Data for this task -
lemma mixed_pullback:
  fixes \<rho> :: "complex^'n \<Rightarrow> complex^'m^'n"
  assumes L: "C2_on (U \<times> UNIV) (\<lambda>(z, \<eta>). L z \<eta>)" and U: "open U" "z \<in> U"
    and \<rho>: "\<And>i \<gamma>. holo_on U (\<lambda>z. \<rho> z $ i $ \<gamma>)"
  shows "(\<chi> b. dZ k (\<lambda>z'. dZbar b (\<lambda>w. complex_of_real (L z' (\<rho> z' *v w))) u) z)
       = ((\<chi> j. dZ k (\<lambda>z'. partial_etabar L j (z', \<rho> z *v u)) z)
          + (\<chi> l. \<Sum>\<gamma>\<in>UNIV. u $ \<gamma> * dZ k (\<lambda>z'. \<rho> z' $ l $ \<gamma>) z) v* metric L z (\<rho> z *v u))
         v* conj_mat (\<rho> z)"
proof -
  have \<phi>: "holo_on U (\<lambda>z. (\<rho> z *v u) $ l)" for l
    by (rule holo_on_matrix_vector_mult[OF \<rho>])
  have \<rho>_diff: "(\<lambda>z. \<rho> z $ i $ \<gamma>) differentiable (at z)" for i \<gamma>
    using holo_on_frechet_derivative(1)[OF \<rho> U(2)] unfolding differentiable_def by blast
  have cnj_\<rho>_diff: "(\<lambda>z. cnj (\<rho> z $ i $ \<gamma>)) differentiable (at z)" for i \<gamma>
    using bounded_linear.has_derivative[OF bounded_linear_cnj holo_on_frechet_derivative(1)[OF \<rho> U(2)]]
    unfolding differentiable_def by blast
  have "((\<lambda>z'. (z', \<rho> z' *v u)) has_derivative
      (\<lambda>v. (v, \<chi> l. frechet_derivative (\<lambda>z'. (\<rho> z' *v u) $ l) (at z) v))) (at z)"
    by (rule has_derivative_Pair[OF has_derivative_ident holo_on_vec_has_derivative[OF \<phi> U(2)]])
  then have H_diff: "(\<lambda>z'. partial_etabar L j (z', \<rho> z' *v u)) differentiable (at z)" for j
    using differentiable_compose[of "partial_etabar L j" "\<lambda>z'. (z', \<rho> z' *v u)" z UNIV]
      partial_etabar_differentiable[OF L U] unfolding differentiable_def by blast
  have \<phi>_dZ: "dZ k (\<lambda>z'. (\<rho> z' *v u) $ l) z = (\<Sum>\<gamma>\<in>UNIV. u $ \<gamma> * dZ k (\<lambda>z'. \<rho> z' $ l $ \<gamma>) z)" for l
    using \<rho>_diff by (simp add: matrix_vector_mult_def dZ_sum dZ_mult dZ_const mult.commute)
  have "dZ k (\<lambda>z'. dZbar b (\<lambda>w. complex_of_real (L z' (\<rho> z' *v w))) u) z
      = (\<Sum>j\<in>UNIV. (dZ k (\<lambda>z'. partial_etabar L j (z', \<rho> z *v u)) z
          + (\<Sum>l\<in>UNIV. (\<Sum>\<gamma>\<in>UNIV. u $ \<gamma> * dZ k (\<lambda>z'. \<rho> z' $ l $ \<gamma>) z)
                       * metric L z (\<rho> z *v u) $ l $ j)) * cnj (\<rho> z $ j $ b))" for b
  proof -
    have "dZ k (\<lambda>z'. dZbar b (\<lambda>w. complex_of_real (L z' (\<rho> z' *v w))) u) z
        = dZ k (\<lambda>z'. \<Sum>j\<in>UNIV. cnj (\<rho> z' $ j $ b) * partial_etabar L j (z', \<rho> z' *v u)) z"
      using U by (intro dZ_cong_open) (auto simp: dZbar_pullback[OF L])
    also have "\<dots> = (\<Sum>j\<in>UNIV. cnj (\<rho> z $ j $ b) * dZ k (\<lambda>z'. partial_etabar L j (z', \<rho> z' *v u)) z)"
      using H_diff cnj_\<rho>_diff by (simp add: dZ_sum dZ_mult dZ_cnj_holo_on[OF \<rho> U(2)])
    also have "\<dots> = (\<Sum>j\<in>UNIV. cnj (\<rho> z $ j $ b) * (dZ k (\<lambda>z'. partial_etabar L j (z', \<rho> z *v u)) z
          + (\<Sum>l\<in>UNIV. (\<Sum>\<gamma>\<in>UNIV. u $ \<gamma> * dZ k (\<lambda>z'. \<rho> z' $ l $ \<gamma>) z)
                       * metric L z (\<rho> z *v u) $ l $ j)))"
      by (simp add: dZ_compose_holomorphic[OF partial_etabar_differentiable[OF L U] \<phi> U(2)]
          \<phi>_dZ metric_eq_dZ_partial_etabar)
    finally show ?thesis
      by (simp add: mult.commute)
  qed
  then show ?thesis
    by (simp add: vec_eq_iff vector_matrix_mult_def conj_mat_def)
qed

Assigned task - Return the whole listing as it stands. Nothing may be altered.

Solution below -
lemma mixed_pullback:
  fixes \<rho> :: "complex^'n \<Rightarrow> complex^'m^'n"
  assumes L: "C2_on (U \<times> UNIV) (\<lambda>(z, \<eta>). L z \<eta>)" and U: "open U" "z \<in> U"
    and \<rho>: "\<And>i \<gamma>. holo_on U (\<lambda>z. \<rho> z $ i $ \<gamma>)"
  shows "(\<chi> b. dZ k (\<lambda>z'. dZbar b (\<lambda>w. complex_of_real (L z' (\<rho> z' *v w))) u) z)
       = ((\<chi> j. dZ k (\<lambda>z'. partial_etabar L j (z', \<rho> z *v u)) z)
          + (\<chi> l. \<Sum>\<gamma>\<in>UNIV. u $ \<gamma> * dZ k (\<lambda>z'. \<rho> z' $ l $ \<gamma>) z) v* metric L z (\<rho> z *v u))
         v* conj_mat (\<rho> z)"
proof -
  have \<phi>: "holo_on U (\<lambda>z. (\<rho> z *v u) $ l)" for l
    by (rule holo_on_matrix_vector_mult[OF \<rho>])
  have \<rho>_diff: "(\<lambda>z. \<rho> z $ i $ \<gamma>) differentiable (at z)" for i \<gamma>
    using holo_on_frechet_derivative(1)[OF \<rho> U(2)] unfolding differentiable_def by blast
  have cnj_\<rho>_diff: "(\<lambda>z. cnj (\<rho> z $ i $ \<gamma>)) differentiable (at z)" for i \<gamma>
    using bounded_linear.has_derivative[OF bounded_linear_cnj holo_on_frechet_derivative(1)[OF \<rho> U(2)]]
    unfolding differentiable_def by blast
  have "((\<lambda>z'. (z', \<rho> z' *v u)) has_derivative
      (\<lambda>v. (v, \<chi> l. frechet_derivative (\<lambda>z'. (\<rho> z' *v u) $ l) (at z) v))) (at z)"
    by (rule has_derivative_Pair[OF has_derivative_ident holo_on_vec_has_derivative[OF \<phi> U(2)]])
  then have H_diff: "(\<lambda>z'. partial_etabar L j (z', \<rho> z' *v u)) differentiable (at z)" for j
    using differentiable_compose[of "partial_etabar L j" "\<lambda>z'. (z', \<rho> z' *v u)" z UNIV]
      partial_etabar_differentiable[OF L U] unfolding differentiable_def by blast
  have \<phi>_dZ: "dZ k (\<lambda>z'. (\<rho> z' *v u) $ l) z = (\<Sum>\<gamma>\<in>UNIV. u $ \<gamma> * dZ k (\<lambda>z'. \<rho> z' $ l $ \<gamma>) z)" for l
    using \<rho>_diff by (simp add: matrix_vector_mult_def dZ_sum dZ_mult dZ_const mult.commute)
  have "dZ k (\<lambda>z'. dZbar b (\<lambda>w. complex_of_real (L z' (\<rho> z' *v w))) u) z
      = (\<Sum>j\<in>UNIV. (dZ k (\<lambda>z'. partial_etabar L j (z', \<rho> z *v u)) z
          + (\<Sum>l\<in>UNIV. (\<Sum>\<gamma>\<in>UNIV. u $ \<gamma> * dZ k (\<lambda>z'. \<rho> z' $ l $ \<gamma>) z)
                       * metric L z (\<rho> z *v u) $ l $ j)) * cnj (\<rho> z $ j $ b))" for b
  proof -
    have "dZ k (\<lambda>z'. dZbar b (\<lambda>w. complex_of_real (L z' (\<rho> z' *v w))) u) z
        = dZ k (\<lambda>z'. \<Sum>j\<in>UNIV. cnj (\<rho> z' $ j $ b) * partial_etabar L j (z', \<rho> z' *v u)) z"
      using U by (intro dZ_cong_open) (auto simp: dZbar_pullback[OF L])
    also have "\<dots> = (\<Sum>j\<in>UNIV. cnj (\<rho> z $ j $ b) * dZ k (\<lambda>z'. partial_etabar L j (z', \<rho> z' *v u)) z)"
      using H_diff cnj_\<rho>_diff by (simp add: dZ_sum dZ_mult dZ_cnj_holo_on[OF \<rho> U(2)])
    also have "\<dots> = (\<Sum>j\<in>UNIV. cnj (\<rho> z $ j $ b) * (dZ k (\<lambda>z'. partial_etabar L j (z', \<rho> z *v u)) z
          + (\<Sum>l\<in>UNIV. (\<Sum>\<gamma>\<in>UNIV. u $ \<gamma> * dZ k (\<lambda>z'. \<rho> z' $ l $ \<gamma>) z)
                       * metric L z (\<rho> z *v u) $ l $ j)))"
      by (simp add: dZ_compose_holomorphic[OF partial_etabar_differentiable[OF L U] \<phi> U(2)]
          \<phi>_dZ metric_eq_dZ_partial_etabar)
    finally show ?thesis
      by (simp add: mult.commute)
  qed
  then show ?thesis
    by (simp add: vec_eq_iff vector_matrix_mult_def conj_mat_def)
qed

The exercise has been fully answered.